A Deeper Push Into Digital Assets
The ETF is one piece of a broader strategy. Morgan Stanley has signaled plans to integrate digital asset trading into its E*Trade platform, according to Bitcoin Magazine. The firm has also explored custody, lending, and yield-related services.
'This is a natural progression. We can't just primarily rent the technology to do this. People expect Morgan Stanley, they trust our brand, to be no fail.'
At Strategy World, digital asset strategy head Amy Oldenburg described the expansion as client-driven. The bank also filed for a Solana ETF earlier this year, though no updates have followed, suggesting its primary focus remains on bitcoin infrastructure.
Why It Matters
By Morgan Stanley's own estimate, roughly 80% of spot bitcoin ETF adoption currently flows through self-directed accounts, not advisor channels.
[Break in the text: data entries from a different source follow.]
(* Let $\mathcal{X},\mathcal{Y},\mathcal{H}$ be Hilbert spaces with either $\mathcal{H}=\mathbb{C}$ or $\mathcal{H}=\mathcal{Y}$. If $g\in\mathcal{SA}_\Psi(\mathcal{X},\mathcal{Y})$ and $f\in\mathcal{SA}_\Psi(\mathcal{Y},\mathcal{H})$, then the pointwise product $fg:\Omega\to B(\mathcal{X},\mathcal{H})$, $(fg)(z)=f(z)g(z)$, belongs to $\mathcal{SA}_\Psi(\mathcal{X},\mathcal{H})$.
   Context: Let $\Omega\subset\mathbb{C}^n$ be a bounded domain. A family $\Psi$ of functions $\Omega\to\mathbb{C}$ is a collection of test functions if $\sup_{\psi\in\Psi}|\psi(x)|<1$ for each $x\in\Omega$ and, for each finite $F\subset\Omega$, the restrictions $\{\psi|_F\}$ together with $1$ generate the algebra of all functions $F\to\mathbb{C}$. For a Hilbert space $\mathcal{E}$, a function $K:\Omega\times\Omega\to B(\mathcal{E})$ is a positive kernel if $\sum_{i,j=1}^n\langle K(x_i,x_j)e_j,e_i\rangle\ge 0$ for all finite choices of $x_i\in\Omega$, $e_i\in\mathcal{E}$; $\mathcal{H}(K)$ is its reproducing kernel Hilbert space. $K$ is $\Psi$-admissible if for each $\psi\in\Psi$ multiplication by $\psi$ is a contraction on $\mathcal{H}(K)$; $\mathcal{K}_\Psi(\mathcal{E})$ is the set of such kernels. For Hilbert spaces $\mathcal{U},\mathcal{Y}$, $H^\infty_\Psi(\mathcal{U},\mathcal{Y})$ is the set of $S:\Omega\to B(\mathcal{U},\mathcal{Y})$ for which there is $C\ge0$ with $(x,y)\mapsto(C^2I_{\mathcal{Y}}-S(x)S(y)^* )\otimes K(x,y)$ a positive $B(\mathcal{Y}\otimes\mathcal{Y})$-valued kernel for every $K\in\mathcal{K}_\Psi(\mathcal{Y})$; $\|S\|_\Psi$ is the infimum of such $C$, and the $\Psi$-Schur–Agler class is $\mathcal{SA}_\Psi(\mathcal{U},\mathcal{Y})=\{S\in H^\infty_\Psi(\mathcal{U},\mathcal{Y}):\|S\|_\Psi\le 1\}$. *)

theory Defs
  imports "HOL-Analysis.Analysis"
begin

class cvec = ab_group_add +
  fixes hscale :: "complex \<Rightarrow> 'a \<Rightarrow> 'a" (infixr \<open>*\<^sub>H\<close> 75)
  assumes hscale_add_right: "c *\<^sub>H (x + y) = c *\<^sub>H x + c *\<^sub>H y"
    and hscale_add_left: "(c + d) *\<^sub>H x = c *\<^sub>H x + d *\<^sub>H x"
    and hscale_hscale: "c *\<^sub>H (d *\<^sub>H x) = (c * d) *\<^sub>H x"
    and hscale_one: "1 *\<^sub>H x = x"

class cinner_space = cvec +
  fixes hinner :: "'a \<Rightarrow> 'a \<Rightarrow> complex"
  assumes hinner_add_left: "hinner (x + y) z = hinner x z + hinner y z"
    and hinner_scale_left: "hinner (c *\<^sub>H x) y = c * hinner x y"
    and hinner_commute: "hinner x y = cnj (hinner y x)"
    and hinner_self_real: "Im (hinner x x) = 0"
    and hinner_self_nonneg: "0 \<le> Re (hinner x x)"
    and hinner_self_eq_0: "hinner x x = 0 \<longleftrightarrow> x = 0"

definition hnorm :: "'a::cinner_space \<Rightarrow> real" where
  "hnorm x = sqrt (Re (hinner x x))"

class chilbert = cinner_space +
  assumes hcomplete:
    "(\<forall>e>0. \<exists>N. \<forall>m\<ge>N. \<forall>n\<ge>N. sqrt (Re (hinner (X m - X n) (X m - X n))) < e) \<Longrightarrow>
      \<exists>L. (\<lambda>n. sqrt (Re (hinner (X n - L) (X n - L)))) \<longlonglongrightarrow> 0"

instantiation complex :: chilbert
begin
definition hscale_complex :: "complex \<Rightarrow> complex \<Rightarrow> complex" where
  "hscale_complex c x = c * x"
definition hinner_complex :: "complex \<Rightarrow> complex \<Rightarrow> complex" where
  "hinner_complex x y = x * cnj y"


instance
proof
  have hc: "\<And>x::complex. sqrt (Re (hinner x x)) = cmod x"
    by (simp add: hinner_complex_def complex_mult_cnj cmod_def power2_eq_square)
  fix X :: "nat \<Rightarrow> complex"
  assume "\<forall>e>0. \<exists>N. \<forall>m\<ge>N. \<forall>n\<ge>N. sqrt (Re (hinner (X m - X n) (X m - X n))) < e"
  then have "Cauchy X"
    by (simp add: hc Cauchy_def dist_norm)
  then obtain L where "X \<longlonglongrightarrow> L" using convergent_eq_Cauchy convergent_def by blast
  then have "(\<lambda>n. cmod (X n - L)) \<longlonglongrightarrow> 0"
    using LIM_zero tendsto_norm_zero by blast
  then show "\<exists>L. (\<lambda>n. sqrt (Re (hinner (X n - L) (X n - L)))) \<longlonglongrightarrow> 0"
    by (auto simp: hc)
qed (auto simp: hscale_complex_def hinner_complex_def algebra_simps complex_eq_iff)
end

definition bounded_op :: "('a::chilbert \<Rightarrow> 'b::chilbert) \<Rightarrow> bool" where
  "bounded_op T \<longleftrightarrow> (\<forall>x y. T (x + y) = T x + T y) \<and> (\<forall>c x. T (c *\<^sub>H x) = c *\<^sub>H T x)
     \<and> (\<exists>M. \<forall>x. hnorm (T x) \<le> M * hnorm x)"

definition adj :: "('a::chilbert \<Rightarrow> 'b::chilbert) \<Rightarrow> 'b \<Rightarrow> 'a" where
  "adj T = (SOME T'. \<forall>x y. hinner (T x) y = hinner x (T' y))"

inductive_set gen_alg :: "('z \<Rightarrow> complex) set \<Rightarrow> ('z \<Rightarrow> complex) set" for \<Psi> where
  one: "(\<lambda>_. 1) \<in> gen_alg \<Psi>"
| gen: "\<psi> \<in> \<Psi> \<Longrightarrow> \<psi> \<in> gen_alg \<Psi>"
| add: "f \<in> gen_alg \<Psi> \<Longrightarrow> g \<in> gen_alg \<Psi> \<Longrightarrow> (\<lambda>x. f x + g x) \<in> gen_alg \<Psi>"
| smult: "f \<in> gen_alg \<Psi> \<Longrightarrow> (\<lambda>x. c * f x) \<in> gen_alg \<Psi>"
| mult: "f \<in> gen_alg \<Psi> \<Longrightarrow> g \<in> gen_alg \<Psi> \<Longrightarrow> (\<lambda>x. f x * g x) \<in> gen_alg \<Psi>"

definition test_functions :: "'z set \<Rightarrow> ('z \<Rightarrow> complex) set \<Rightarrow> bool" where
  "test_functions \<Omega> \<Psi> \<longleftrightarrow>
     (\<forall>x\<in>\<Omega>. bdd_above ((\<lambda>\<psi>. cmod (\<psi> x)) ` \<Psi>) \<and> (SUP \<psi>\<in>\<Psi>. cmod (\<psi> x)) < 1) \<and>
     (\<forall>F. finite F \<and> F \<subseteq> \<Omega> \<longrightarrow>
        (\<forall>h::'z \<Rightarrow> complex. \<exists>p\<in>gen_alg \<Psi>. \<forall>x\<in>F. p x = h x))"

definition nonneg_c :: "complex \<Rightarrow> bool" where
  "nonneg_c s \<longleftrightarrow> Im s = 0 \<and> 0 \<le> Re s"

definition pos_kernel :: "'z set \<Rightarrow> ('z \<Rightarrow> 'z \<Rightarrow> 'e::chilbert \<Rightarrow> 'e) \<Rightarrow> bool" where
  "pos_kernel \<Omega> K \<longleftrightarrow> (\<forall>(n::nat) (x::nat \<Rightarrow> 'z) (e::nat \<Rightarrow> 'e). (\<forall>i<n. x i \<in> \<Omega>) \<longrightarrow>
     nonneg_c (\<Sum>i<n. \<Sum>j<n. hinner (K (x i) (x j) (e j)) (e i)))"

text \<open>\<open>rkhs_ball \<Omega> K h C\<close>: the function h belongs to H(K) and has norm at most C.
  (For a positive kernel, h \<in> H(K) with norm \<le> C iff the functional
  \<open>\<Sum> K(.,x_i) e_i \<mapsto> \<Sum> \<langle>h(x_i), e_i\<rangle>\<close> is bounded by C on the dense span of kernel functions.)\<close>
definition rkhs_ball :: "'z set \<Rightarrow> ('z \<Rightarrow> 'z \<Rightarrow> 'e::chilbert \<Rightarrow> 'e) \<Rightarrow> ('z \<Rightarrow> 'e) \<Rightarrow> real \<Rightarrow> bool" where
  "rkhs_ball \<Omega> K h C \<longleftrightarrow> 0 \<le> C \<and>
     (\<forall>(n::nat) (x::nat \<Rightarrow> 'z) (e::nat \<Rightarrow> 'e). (\<forall>i<n. x i \<in> \<Omega>) \<longrightarrow>
        (cmod (\<Sum>i<n. hinner (h (x i)) (e i)))\<^sup>2 \<le>
          C\<^sup>2 * Re (\<Sum>i<n. \<Sum>j<n. hinner (K (x i) (x j) (e j)) (e i)))"

definition mult_contraction :: "'z set \<Rightarrow> ('z \<Rightarrow> complex) \<Rightarrow> ('z \<Rightarrow> 'z \<Rightarrow> 'e::chilbert \<Rightarrow> 'e) \<Rightarrow> bool" where
  "mult_contraction \<Omega> \<psi> K \<longleftrightarrow>
     (\<forall>h C. rkhs_ball \<Omega> K h C \<longrightarrow> rkhs_ball \<Omega> K (\<lambda>z. \<psi> z *\<^sub>H h z) C)"

definition admissible_kernels :: "'z set \<Rightarrow> ('z \<Rightarrow> complex) set \<Rightarrow> ('z \<Rightarrow> 'z \<Rightarrow> 'e::chilbert \<Rightarrow> 'e) set" where
  "admissible_kernels \<Omega> \<Psi> = {K. (\<forall>x\<in>\<Omega>. \<forall>y\<in>\<Omega>. bounded_op (K x y)) \<and> pos_kernel \<Omega> K \<and>
                                 (\<forall>\<psi>\<in>\<Psi>. mult_contraction \<Omega> \<psi> K)}"

text \<open>Positivity of the B(Y \<otimes> Y)-valued kernel A(x,y) \<otimes> B(x,y), tested on vectors of the
  (dense) algebraic tensor product: h_j = \<Sum>_{k<m} a j k \<otimes> b j k.\<close>
definition pos_tensor_kernel :: "'z set \<Rightarrow> ('z \<Rightarrow> 'z \<Rightarrow> 'y::chilbert \<Rightarrow> 'y) \<Rightarrow> ('z \<Rightarrow> 'z \<Rightarrow> 'y \<Rightarrow> 'y) \<Rightarrow> bool" where
  "pos_tensor_kernel \<Omega> A B \<longleftrightarrow>
    (\<forall>(n::nat) (m::nat) (x::nat \<Rightarrow> 'z) (a::nat \<Rightarrow> nat \<Rightarrow> 'y) (b::nat \<Rightarrow> nat \<Rightarrow> 'y).
       (\<forall>i<n. x i \<in> \<Omega>) \<longrightarrow>
       nonneg_c (\<Sum>i<n. \<Sum>j<n. \<Sum>k<m. \<Sum>l<m.
          hinner (A (x i) (x j) (a j k)) (a i l) * hinner (B (x i) (x j) (b j k)) (b i l)))"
The bank building its own product changes the distribution math. When an advisor at a firm managing trillions in client assets can recommend a house-branded bitcoin ETF, the conversation shifts from 'should I allow this?' to 'how much?'
The E*Trade integration is the more consequential move. An ETF is a wrapper. A fully integrated custody and trading platform is infrastructure. Morgan Stanley is not just offering exposure to bitcoin. It is building the plumbing to become a one-stop shop for clients who want to buy, hold, lend, and earn yield on the asset, all under a single brand.
None of this is self-custody. Morgan Stanley's 'no fail' promise is a custodial pledge backed by brand reputation, not cryptographic guarantees. But for the billions in institutional capital sitting on the sidelines, that brand trust is the bridge. The more Wall Street builds bitcoin on-ramps, the more the asset gets priced into the traditional financial system, and the harder it becomes to reverse.